By PlanetPlasters - September 7th 2020
Why they don't want to ban plastic bags
AAre you sick of hearing about plastic bags? For the last 20 years, governments around the world have been implementing a range of measures to reduce the number of plastic bags we use – no bad thing of course – and whatever measures governments have put in place have generally worked. According to government reports, the UK alone has seen a drop of 86% in the distribution of plastic bags by the major supermarkets since the 5p charge was introduced back in 2015. Something to celebrate!😀 ? Well… Yes & No!
If it looks like a step in the right direction, is it? Well for one thing, if we fill our eco-friendly bags with plastic packaging on meat, vegetables (cucumbers – really??) and fruit (yes, bananas… if only nature had devised some kind of wrapping for them…) then the amount of plastic in our eco-friendly bags literally (and figuratively) outweighs the old plastic bags we used to take from the supermarkets. And even with a drop of 86%, that’s still a lot of plastic bags being distributed: no less than 3,429,690,652,192 plastic bags have been produced at the time of writing (September). Yup, that’s exactly what I thought!
Never mind – at least they can easily be recycled! 😀 Or can they…? Theoretically, plastic bags can be recycled, but then again, so is playing golf on Mars! Ask anyone in the know who’s not making a killing (you decide if that’s literally or figuratively!) from the fossil fuel industry: only a tiny percentage of them actually end up being recycled. Why’s that, when millions of consumers dedicatedly place them in recycling bins after use? Unfortunately, they require special recycling facilities to sort and process them, which is why most of those even sorted for recycling end up in landfill or in our oceans, where they can become a wind-assisted polluting parachutes. On top of killing millions of marine animals every year, these bags eventually sink, breaking down into billions of microplastics, polluting the furthest reaches of our oceans.
The question is, does anyone REALLY want to ban plastic bags? Well… yes, and no! Consumers are supportive of bans, and governments want to be seen to be taking action on plastics, so plastic bags become the convenient and ever-popular whipping boys, while shoppers are leaving stores with more plastic in their (eco-?!) bags than ever before! So the focus on bags promoted by the media – and complicit social media – is nothing but government greenwashing: facile tokenism at its worst.

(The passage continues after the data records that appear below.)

(* For $n_1,n_2\ge 1$ and irreducible vectors $\vec{\mathsf b}\in\mathrm{Vec}(\mathrm{E(NE)}^{n_1-1})$, $\vec{\mathsf b}'\in\mathrm{Vec}(\mathrm{E(NE)}^{n_2-1})$, define $$\vec{\mathsf b}+\vec{\mathsf b}'=(\mathsf b_0,\dots,\mathsf b_{2n_1-1},\ \mathsf b'_0+n_1,\dots,\mathsf b'_{2n_2-1}+n_1)\in\mathrm{Vec}(\mathrm{E(NE)}^{n_1+n_2-1}).$$ Then every $\vec{\mathsf b}\in\mathrm{Vec}(\mathrm{E(NE)}^{n-1})$ ($n\ge1$) can be written as a sum $\vec{\mathsf b}^{(1)}+\cdots+\vec{\mathsf b}^{(r)}$ of irreducible vectors $\vec{\mathsf b}^{(i)}\in\mathrm{Vec}(\mathrm{E(NE)}^{k_i-1})$ with $k_1+\cdots+k_r=n$ (the sum being taken left to right, with the shift by the total size of the preceding summands). Moreover, $\vec{\mathsf b}$ is $t$-$\mathsf{Pop}$-sortable in $\mathrm{Vec}(\mathrm{E(NE)}^{n-1})$ if and only if each $\vec{\mathsf b}^{(i)}$ is $t$-$\mathsf{Pop}$-sortable in $\mathrm{Vec}(\mathrm{E(NE)}^{k_i-1})$.
   Context: For $\nu=\mathrm{E(NE)}^{n-1}$ (a path of $2n-1$ steps ending at height $n-1$), $\mathrm{Vec}(\nu)$ is the set of integer vectors $(\mathsf b_0,\dots,\mathsf b_{2n-1})$ with $\mathsf b_{2k+1}=k$ for $0\le k\le n-1$, $\lfloor i/2\rfloor\le\mathsf b_i\le n-1$ for all $i$, and such that $\mathsf b_i=k$ implies $\mathsf b_j\le k$ for all $i+1\le j\le 2k+1$. With the componentwise order it is a finite lattice isomorphic to the Tamari lattice $\mathrm{Tam}_n$. A vector is irreducible if $\mathsf b_0=\mathsf b_{2n-1}$ (i.e. $\mathsf b_0=n-1$). For a finite lattice $M$ with minimum $\hat0$, $\mathsf{Pop}_M(x)=\bigwedge(\{y: y\lessdot x\}\cup\{x\})$ and $x$ is $t$-$\mathsf{Pop}$-sortable if $\mathsf{Pop}_M^t(x)=\hat 0$. *)

theory Defs
  imports Main
begin

text \<open>Vectors (b_0,...,b_{2n-1}) are lists of length 2n.  Vec n is Vec(E(NE)^(n-1)).\<close>
definition Vec :: "nat \<Rightarrow> nat list set" where
  "Vec n = {b. length b = 2 * n
     \<and> (\<forall>k<n. b ! (2 * k + 1) = k)
     \<and> (\<forall>i<2 * n. i div 2 \<le> b ! i \<and> b ! i \<le> n - 1)
     \<and> (\<forall>i<2 * n. \<forall>j. i + 1 \<le> j \<and> j \<le> 2 * (b ! i) + 1 \<longrightarrow> b ! j \<le> b ! i)}"

definition vle :: "nat list \<Rightarrow> nat list \<Rightarrow> bool" where
  "vle x y = list_all2 (\<le>) x y"

definition vless :: "nat list \<Rightarrow> nat list \<Rightarrow> bool" where
  "vless x y = (vle x y \<and> x \<noteq> y)"

definition irreducible_vec :: "nat \<Rightarrow> nat list \<Rightarrow> bool" where
  "irreducible_vec n b = (b ! 0 = b ! (2 * n - 1))"

definition covered_by :: "nat list set \<Rightarrow> nat list \<Rightarrow> nat list \<Rightarrow> bool" where
  "covered_by M y x = (y \<in> M \<and> x \<in> M \<and> vless y x \<and> \<not> (\<exists>z\<in>M. vless y z \<and> vless z x))"

definition meet_in :: "nat list set \<Rightarrow> nat list set \<Rightarrow> nat list" where
  "meet_in M S = (THE z. z \<in> M \<and> (\<forall>s\<in>S. vle z s) \<and>
                     (\<forall>w\<in>M. (\<forall>s\<in>S. vle w s) \<longrightarrow> vle w z))"

definition bot_in :: "nat list set \<Rightarrow> nat list" where
  "bot_in M = (THE z. z \<in> M \<and> (\<forall>w\<in>M. vle z w))"

definition Pop :: "nat list set \<Rightarrow> nat list \<Rightarrow> nat list" where
  "Pop M x = meet_in M ({y. covered_by M y x} \<union> {x})"

definition pop_sortable :: "nat list set \<Rightarrow> nat \<Rightarrow> nat list \<Rightarrow> bool" where
  "pop_sortable M t x = ((Pop M ^^ t) x = bot_in M)"

definition vplus :: "nat \<Rightarrow> nat list \<Rightarrow> nat list \<Rightarrow> nat list" where
  "vplus n1 b b' = b @ map (\<lambda>x. x + n1) b'"

definition vsum :: "(nat \<times> nat list) list \<Rightarrow> nat \<times> nat list" where
  "vsum ps = foldl (\<lambda>(m, acc) (k, v). (m + k, vplus m acc v)) (0, []) ps"

end

theory Submission
  imports Defs
begin

text \<open>An entry \<open>b\<^sub>i\<close> of a vector in \<open>Vec n\<close> bounds all entries up to position \<open>2 b\<^sub>i + 1\<close>.
  Hence the positions \<open>0, \<dots>, 2 b\<^sub>0 + 1\<close> form a closed block: its entries are at most \<open>b\<^sub>0\<close>, while
  all later entries are at least \<open>b\<^sub>0 + 1\<close>. Cutting it off writes \<open>b\<close> as the sum of an irreducible
  vector of size \<open>b\<^sub>0 + 1\<close> and a smaller vector, and induction gives the decomposition.

  Conversely, everything below a sum \<open>b\<^sub>1 + b\<^sub>2\<close> is again such a sum, so the principal ideal
  below \<open>b\<^sub>1 + b\<^sub>2\<close> is the product of the ideals below \<open>b\<^sub>1\<close> and \<open>b\<^sub>2\<close>. Covers, meets of
  lower covers and therefore \<open>Pop\<close> act componentwise on sums, and the bottom element of a sum
  lattice is the sum of the bottoms; so a sum is \<open>t\<close>-\<open>Pop\<close>-sortable iff each summand is.\<close>

lemma vle_iff_nth: "vle x y \<longleftrightarrow> length x = length y \<and> (\<forall>i<length x. x ! i \<le> y ! i)"
  unfolding vle_def by (simp add: list_all2_conv_all_nth)

lemma vle_refl [simp]: "vle x x"
  by (simp add: vle_iff_nth)

lemma vle_antisym: "vle x y \<Longrightarrow> vle y x \<Longrightarrow> x = y"
  by (auto simp: vle_iff_nth intro!: nth_equalityI intro: antisym)

lemma Vec_length: "b \<in> Vec n \<Longrightarrow> length b = 2 * n"
  by (simp add: Vec_def)

lemma Vec_finite: "finite (Vec n)"
proof (rule finite_subset)
  show "Vec n \<subseteq> {xs. set xs \<subseteq> {0..<n} \<and> length xs = 2 * n}"
  proof
    fix b assume b: "b \<in> Vec n"
    have "n \<ge> 1" if "x \<in> set b" for x using b that by (cases n) (auto simp: Vec_def)
    then show "b \<in> {xs. set xs \<subseteq> {0..<n} \<and> length xs = 2 * n}"
      using b by (fastforce simp: Vec_def in_set_conv_nth)
  qed
  show "finite {xs. set xs \<subseteq> {0..<n} \<and> length xs = 2 * n}"
    by (rule finite_lists_length_eq) simp
qed

definition is_glb :: "nat list set \<Rightarrow> nat list set \<Rightarrow> nat list \<Rightarrow> bool" where
  "is_glb M S z \<longleftrightarrow> z \<in> M \<and> (\<forall>s\<in>S. vle z s) \<and> (\<forall>w\<in>M. (\<forall>s\<in>S. vle w s) \<longrightarrow> vle w z)"

lemma meet_in_eqI: "is_glb M S z \<Longrightarrow> meet_in M S = z"
  unfolding meet_in_def by (rule the_equality) (auto simp: is_glb_def intro: vle_antisym)

text \<open>The meet of a nonempty subset of \<open>Vec n\<close> is its componentwise minimum; the defining
  conditions of \<open>Vec n\<close> at position \<open>i\<close> only involve the entry at \<open>i\<close> and bounds on later entries,
  so they pass from the vector attaining the minimum at \<open>i\<close> to the minimum.\<close>

lemma Vec_glb_exists:
  assumes S: "S \<subseteq> Vec n" "S \<noteq> {}"
  shows "\<exists>z. is_glb (Vec n) S z"
proof -
  have fin: "finite S" using S Vec_finite finite_subset by blast
  define z where "z = map (\<lambda>i. Min ((\<lambda>s. s ! i) ` S)) [0..<2*n]"
  have lz: "length z = 2 * n" by (simp add: z_def)
  have zi: "z ! i = Min ((\<lambda>s. s ! i) ` S)" if "i < 2*n" for i
    using that by (simp add: z_def)
  have attained: "\<exists>s\<in>S. z ! i = s ! i" if "i < 2*n" for i
  proof -
    have "Min ((\<lambda>s. s ! i) ` S) \<in> (\<lambda>s. s ! i) ` S"
      using fin S(2) by (intro Min_in) auto
    then show ?thesis using zi[OF that] by auto
  qed
  have le: "z ! i \<le> s ! i" if "i < 2*n" "s \<in> S" for i s
    using zi[OF that(1)] fin that(2) by simp
  have zV: "z \<in> Vec n"
    unfolding Vec_def
  proof (intro CollectI conjI allI impI)
    fix k assume k: "k < n"
    obtain s where "s \<in> S" "z ! (2*k+1) = s ! (2*k+1)" using attained[of "2*k+1"] k by auto
    then show "z ! (2 * k + 1) = k" using S k by (auto simp: Vec_def)
  next
    fix i assume i: "i < 2*n"
    obtain s where "s \<in> S" "z ! i = s ! i" using attained[OF i] by auto
    then show "i div 2 \<le> z ! i" "z ! i \<le> n - 1" using S i by (auto simp: Vec_def)
  next
    fix i j assume i: "i < 2*n" and j: "i + 1 \<le> j \<and> j \<le> 2 * (z ! i) + 1"
    obtain s where s: "s \<in> S" "z ! i = s ! i" using attained[OF i] by auto
    have "s \<in> Vec n" using S s(1) by blast
    then have "s ! j \<le> s ! i" and "j < 2 * n" using i j s(2) by (auto simp: Vec_def)
    then show "z ! j \<le> z ! i" using le[OF _ s(1)] s(2) by fastforce
  qed (rule lz)
  have "is_glb (Vec n) S z"
    unfolding is_glb_def
  proof (intro conjI ballI impI)
    fix s assume "s \<in> S"
    then show "vle z s" using le S lz by (auto simp: vle_iff_nth Vec_def)
  next
    fix w assume w: "w \<in> Vec n" "\<forall>s\<in>S. vle w s"
    have lw: "length w = 2*n" using w(1) Vec_length by blast
    have "w ! i \<le> z ! i" if "i < 2*n" for i
      using w(2) that lw zi[OF that] fin S(2) by (auto simp: vle_iff_nth)
    then show "vle w z" using lw lz by (simp add: vle_iff_nth)
  qed (rule zV)
  then show ?thesis by blast
qed

definition Vec_bot :: "nat \<Rightarrow> nat list" where
  "Vec_bot n = map (\<lambda>i. i div 2) [0..<2*n]"

lemma Vec_bot_in_Vec: "Vec_bot n \<in> Vec n"
proof -
  have "j div 2 \<le> i div 2" "j < 2 * n"
    if "i < 2*n" "Suc i \<le> j" "j \<le> Suc (2 * (i div 2))" for i j
    using that by presburger+
  then show ?thesis unfolding Vec_def Vec_bot_def by auto
qed

lemma Vec_bot_le: "b \<in> Vec n \<Longrightarrow> vle (Vec_bot n) b"
  by (auto simp: vle_iff_nth Vec_bot_def Vec_def)

lemma bot_in_Vec: "bot_in (Vec n) = Vec_bot n"
  unfolding bot_in_def
  by (rule the_equality) (auto simp: Vec_bot_in_Vec Vec_bot_le intro: vle_antisym)

subsection \<open>Sums of vectors\<close>

lemma length_vplus [simp]: "length (vplus m b1 b2) = length b1 + length b2"
  by (simp add: vplus_def)

lemma nth_vplus_low: "length b1 = 2*m \<Longrightarrow> i < 2*m \<Longrightarrow> vplus m b1 b2 ! i = b1 ! i"
  by (simp add: vplus_def nth_append)

lemma nth_vplus_high:
  "length b1 = 2*m \<Longrightarrow> 2*m \<le> i \<Longrightarrow> i < 2*m + length b2 \<Longrightarrow> vplus m b1 b2 ! i = b2 ! (i - 2*m) + m"
  by (simp add: vplus_def nth_append)

lemma vplus_in_Vec:
  assumes b1: "b1 \<in> Vec m" and b2: "b2 \<in> Vec p"
  shows "vplus m b1 b2 \<in> Vec (m + p)"
proof -
  let ?x = "vplus m b1 b2"
  have l1: "length b1 = 2*m" and l2: "length b2 = 2*p" using b1 b2 by (auto simp: Vec_def)
  have A1: "\<And>k. k<m \<Longrightarrow> b1 ! (2*k+1) = k"
    and B1: "\<And>i. i<2*m \<Longrightarrow> i div 2 \<le> b1 ! i \<and> b1 ! i \<le> m - 1"
    and C1: "\<And>i j. i<2*m \<Longrightarrow> i + 1 \<le> j \<Longrightarrow> j \<le> 2 * (b1 ! i) + 1 \<Longrightarrow> b1 ! j \<le> b1 ! i"
    using b1 by (auto simp: Vec_def)
  have A2: "\<And>k. k<p \<Longrightarrow> b2 ! (2*k+1) = k"
    and B2: "\<And>i. i<2*p \<Longrightarrow> i div 2 \<le> b2 ! i \<and> b2 ! i \<le> p - 1"
    and C2: "\<And>i j. i<2*p \<Longrightarrow> i + 1 \<le> j \<Longrightarrow> j \<le> 2 * (b2 ! i) + 1 \<Longrightarrow> b2 ! j \<le> b2 ! i"
    using b2 by (auto simp: Vec_def)
  note low = nth_vplus_low[OF l1] and high = nth_vplus_high[OF l1, of _ b2, unfolded l2]
  show ?thesis
    unfolding Vec_def
  proof (intro CollectI conjI allI impI)
    show "length ?x = 2 * (m + p)" by (simp add: l1 l2)
  next
    fix k assume k: "k < m + p"
    show "?x ! (2*k+1) = k"
    proof (cases "k < m")
      case True then show ?thesis using low A1 by simp
    next
      case False
      then have "2*k+1 - 2*m = 2*(k-m)+1" by simp
      then show ?thesis using high[of "2*k+1"] A2[of "k-m"] k False by simp
    qed
  next
    fix i assume i: "i < 2*(m+p)"
    have "i div 2 \<le> ?x ! i \<and> ?x ! i \<le> m + p - 1"
    proof (cases "i < 2*m")
      case True then show ?thesis using low B1[OF True] by auto
    next
      case False
      then have "i - 2*m < 2*p" "(i - 2*m) div 2 = i div 2 - m" using i by presburger+
      then show ?thesis using B2[of "i - 2*m"] high[of i] i False by (intro conjI; linarith)
    qed
    then show "i div 2 \<le> ?x ! i" "?x ! i \<le> m + p - 1" by auto
  next
    fix i j assume i: "i < 2*(m+p)" and j: "i + 1 \<le> j \<and> j \<le> 2 * (?x ! i) + 1"
    show "?x ! j \<le> ?x ! i"
    proof (cases "i < 2*m")
      case True
      have xi: "?x ! i = b1 ! i" using low True by simp
      have "j < 2*m" using j xi B1[OF True] True by linarith
      then show ?thesis using C1[OF True, of j] j xi low by simp
    next
      case False
      have i2: "i - 2*m < 2*p" using i False by simp
      have xi: "?x ! i = b2 ! (i - 2*m) + m" using high i False by simp
      have "p \<ge> 1" using i2 by simp
      then have "j < 2*(m+p)" using j[THEN conjunct2] xi B2[OF i2, THEN conjunct2] by arith
      then have xj: "?x ! j = b2 ! (j - 2*m) + m" using high False j by simp
      show ?thesis using C2[OF i2, of "j - 2*m"] j xi xj False by linarith
    qed
  qed
qed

Whenever there’s a national outcry about the billions of tons of plastic in our environment, we see the usual suspects hauled in front of the jury for sentencing: levies, surcharges, taxes, reduction targets – anything that will convince people something’s being done. Recently, the UK announced they were going to hike up the price of plastic bags from 5p to 10p... an easy target in its fight against plastic waste – maximum publicity, minimal effort. Job done! The bag survives for a flogging next time around. Thank God for the plastic bag! Forget flags of convenience, these are bags of convenience – for greenwashing governments!
Have a nice day? I know what an animal would say if it swallowed it... and it wouldn't be thank you😁
Photo: Griffin Wooldridge.
The point is, while everyone is concentrating on plastic bags, attention is being diverted away from the real problem… what fills our bags in the first place: single-use plastic packaging. Check out your local supermarket, almost everything is packaged in single-use plastic.
Rather than trotting out the usual suspects, we need to tackle the elephant in the room, or rather in the bag! It’s not about the bag, it’s about the plastic, and it’s set to quadruple over the next decade as the fossil fuel giants scour the earth for a new market for their oil. Still, hard times for everyone I guess… so should we just give up and watch our planet turn into a furnace? Absolutely not. We need to take action… NOW! If governments won’t do it, we will. With PlanetPlasters, the future’s in your hands!